Hearts of these Prkca (protein kinase C, alpha) targeted mutation mice are hypercontractile, protecting them from heart failure induced by pressure overload. Homozygotes are viable, fertile, and have no overt phenotype. This strain may be useful in studies of heart failure.
Jeffery D. Molkentin, Cincinnati Children's Hospital
Hearts of these targeted mutation mice are hypercontractile, protecting them from heart failure induced by pressure overload. Homozygotes are viable, fertile, and have no overt phenotype. The targeted mutation eliminates expression, as determined by Western blot. This strain may be useful in studies of heart failure.
The exon encoding the ATP-binding region was replaced with a neomycin resistance cassette. A 129-derived embryonic stem (ES) cell line was used to create the mutation. Chimera's were crossed to C57BL/6 and the line was maintained on a mixed C57BL/6 and 129 background by the donating laboratory.

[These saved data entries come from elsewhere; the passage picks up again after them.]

definition fin_equi_inv_point :: "'u set \<Rightarrow> ('x::metric_space \<Rightarrow> 'u \<Rightarrow> 'x) \<Rightarrow> 'x set \<Rightarrow> 'x \<Rightarrow> bool" where
  "fin_equi_inv_point U F Q x \<longleftrightarrow> (\<forall>\<epsilon>>0. \<exists>\<delta>>0. \<exists>S. finite S \<and> S \<subseteq> ctrl_space U \<and>
     (\<forall>y\<in>ball x \<delta> \<inter> Q. \<exists>\<omega>\<in>S. \<forall>k. infdist (phi F k y \<omega>) Q < \<epsilon>))"

definition equi_inv_point :: "'u set \<Rightarrow> ('x::metric_space \<Rightarrow> 'u \<Rightarrow> 'x) \<Rightarrow> 'x set \<Rightarrow> 'x \<Rightarrow> bool" where
  "equi_inv_point U F Q x \<longleftrightarrow> (\<forall>\<epsilon>>0. \<exists>\<delta>>0. \<exists>\<omega>\<in>ctrl_space U.
     (\<forall>y\<in>ball x \<delta> \<inter> Q. \<forall>k. infdist (phi F k y \<omega>) Q < \<epsilon>))"

definition fin_equi_invariant :: "'u set \<Rightarrow> ('x::metric_space \<Rightarrow> 'u \<Rightarrow> 'x) \<Rightarrow> 'x set \<Rightarrow> bool" where
  "fin_equi_invariant U F Q \<longleftrightarrow> (\<forall>x\<in>Q. fin_equi_inv_point U F Q x)"

definition equi_invariant :: "'u set \<Rightarrow> ('x::metric_space \<Rightarrow> 'u \<Rightarrow> 'x) \<Rightarrow> 'x set \<Rightarrow> bool" where
  "equi_invariant U F Q \<longleftrightarrow> (\<forall>x\<in>Q. equi_inv_point U F Q x)"

definition Qset :: "('x::metric_space \<Rightarrow> 'u \<Rightarrow> 'x) \<Rightarrow> 'x set \<Rightarrow> real \<Rightarrow> nat \<Rightarrow> (nat \<Rightarrow> 'u) \<Rightarrow> 'x set" where
  "Qset F Q \<epsilon> n \<omega> = {x\<in>Q. \<forall>k<n. infdist (phi F k x \<omega>) Q < \<epsilon>}"

definition spanning :: "'u set \<Rightarrow> ('x::metric_space \<Rightarrow> 'u \<Rightarrow> 'x) \<Rightarrow> nat \<Rightarrow> real \<Rightarrow> 'x set \<Rightarrow> (nat \<Rightarrow> 'u) set \<Rightarrow> bool" where
  "spanning U F n \<epsilon> Q S \<longleftrightarrow> S \<subseteq> ctrl_space U \<and> Q = (\<Union>\<omega>\<in>S. Qset F Q \<epsilon> n \<omega>)"

definition r_inv :: "'u set \<Rightarrow> ('x::metric_space \<Rightarrow> 'u \<Rightarrow> 'x) \<Rightarrow> nat \<Rightarrow> real \<Rightarrow> 'x set \<Rightarrow> enat" where
  "r_inv U F n \<epsilon> Q = (INF S\<in>{S. spanning U F n \<epsilon> Q S}. (if finite S then enat (card S) else \<infinity>))"

definition bounded_inv_complexity :: "'u set \<Rightarrow> ('x::metric_space \<Rightarrow> 'u \<Rightarrow> 'x) \<Rightarrow> 'x set \<Rightarrow> bool" where
  "bounded_inv_complexity U F Q \<longleftrightarrow> (\<forall>\<epsilon>>0. \<exists>C::nat. \<forall>n\<ge>1. r_inv U F n \<epsilon> Q \<le> enat C)"

end

theory Submission
  imports Defs
begin

text \<open>Equi-invariance trivially implies finite equi-invariance. Conversely, at an interior point
  of \<open>Q\<close> finitely many controls keep a neighbourhood close to \<open>Q\<close>; the corresponding closed
  sets cannot all have empty interior, so a single control does so on an open set \<open>V \<subseteq> Q\<close>.
  Every \<open>x \<in> Q\<close> can be steered into \<open>V\<close>, along a trajectory that by maximality of the control
  set never leaves \<open>Q\<close>, and by continuity the points near \<open>x\<close> follow it.

  For compact \<open>Q\<close>, both finite equi-invariance and bounded invariance complexity are equivalent
  to the existence, for each \<open>\<epsilon>\<close>, of one finite set of controls keeping every point of \<open>Q\<close>
  \<open>\<epsilon>\<close>-close to \<open>Q\<close> forever: from local to global by compactness of \<open>Q\<close>, and from spanning
  sets of bounded size for every length to a single such set by compactness of the control
  space.\<close>

section \<open>Controls and trajectories\<close>

definition ctrl_concat :: "nat \<Rightarrow> (nat \<Rightarrow> 'u) \<Rightarrow> (nat \<Rightarrow> 'u) \<Rightarrow> nat \<Rightarrow> 'u" where
  "ctrl_concat m a b = (\<lambda>i. if i < m then a i else b (i - m))"

lemma ctrl_concat_in_ctrl_space:
  "a \<in> ctrl_space U \<Longrightarrow> b \<in> ctrl_space U \<Longrightarrow> ctrl_concat m a b \<in> ctrl_space U"
  by (auto simp: ctrl_concat_def ctrl_space_def)

lemma shift_in_ctrl_space: "w \<in> ctrl_space U \<Longrightarrow> (\<lambda>i. w (i + m)) \<in> ctrl_space U"
  by (simp add: ctrl_space_def)

lemma phi_cong: "(\<And>i. i < k \<Longrightarrow> a i = b i) \<Longrightarrow> phi F k x a = phi F k x b"
  by (induction k) auto

lemma phi_ctrl_concat_le: "k \<le> m \<Longrightarrow> phi F k x (ctrl_concat m a b) = phi F k x a"
  by (rule phi_cong) (auto simp: ctrl_concat_def)

lemma phi_ctrl_concat_add: "phi F (j + m) x (ctrl_concat m a b) = phi F j (phi F m x a) b"
  by (induction j) (simp_all add: phi_ctrl_concat_le, simp add: ctrl_concat_def)

lemma phi_add: "phi F (j + m) x w = phi F j (phi F m x w) (\<lambda>i. w (i + m))"
  by (induction j) auto

lemma continuous_on_phi:
  assumes cs: "control_system U F" and w: "w \<in> ctrl_space U"
  shows "continuous_on UNIV (\<lambda>x. phi F k x w)"
proof (induction k)
  case 0
  then show ?case by (simp add: continuous_on_id)
next
  case (Suc k)
  have "continuous_on UNIV (\<lambda>z. F z (w k))"
    using cs w by (simp add: control_system_def ctrl_space_def)
  with Suc.IH show ?case
    using continuous_on_compose2 by fastforce
qed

|Allele Name||targeted mutation 1, Jeffery D Molkentin|
|Allele Type||Targeted (Null/Knockout)|
|Gene Symbol and Name||Prkca, protein kinase C, alpha|
|Strain of Origin||129|
|Molecular Note||Homologous recombination was used to replace the exon encoding the ATP-binding cassette with a neomycin resistance gene. A lack of protein expression was confirmed by Western blot analysis.|
|Mutations Made By|| |
Jeffery Molkentin, Cincinnati Children's Hospital
When maintained as a live colony, heterozygotes or homozygotes may be bred.
When using the B6;129-Prkcatm1Jmk/J mouse strain in a publication, please cite the originating article(s) and include JAX stock #009068 in your Materials and Methods section.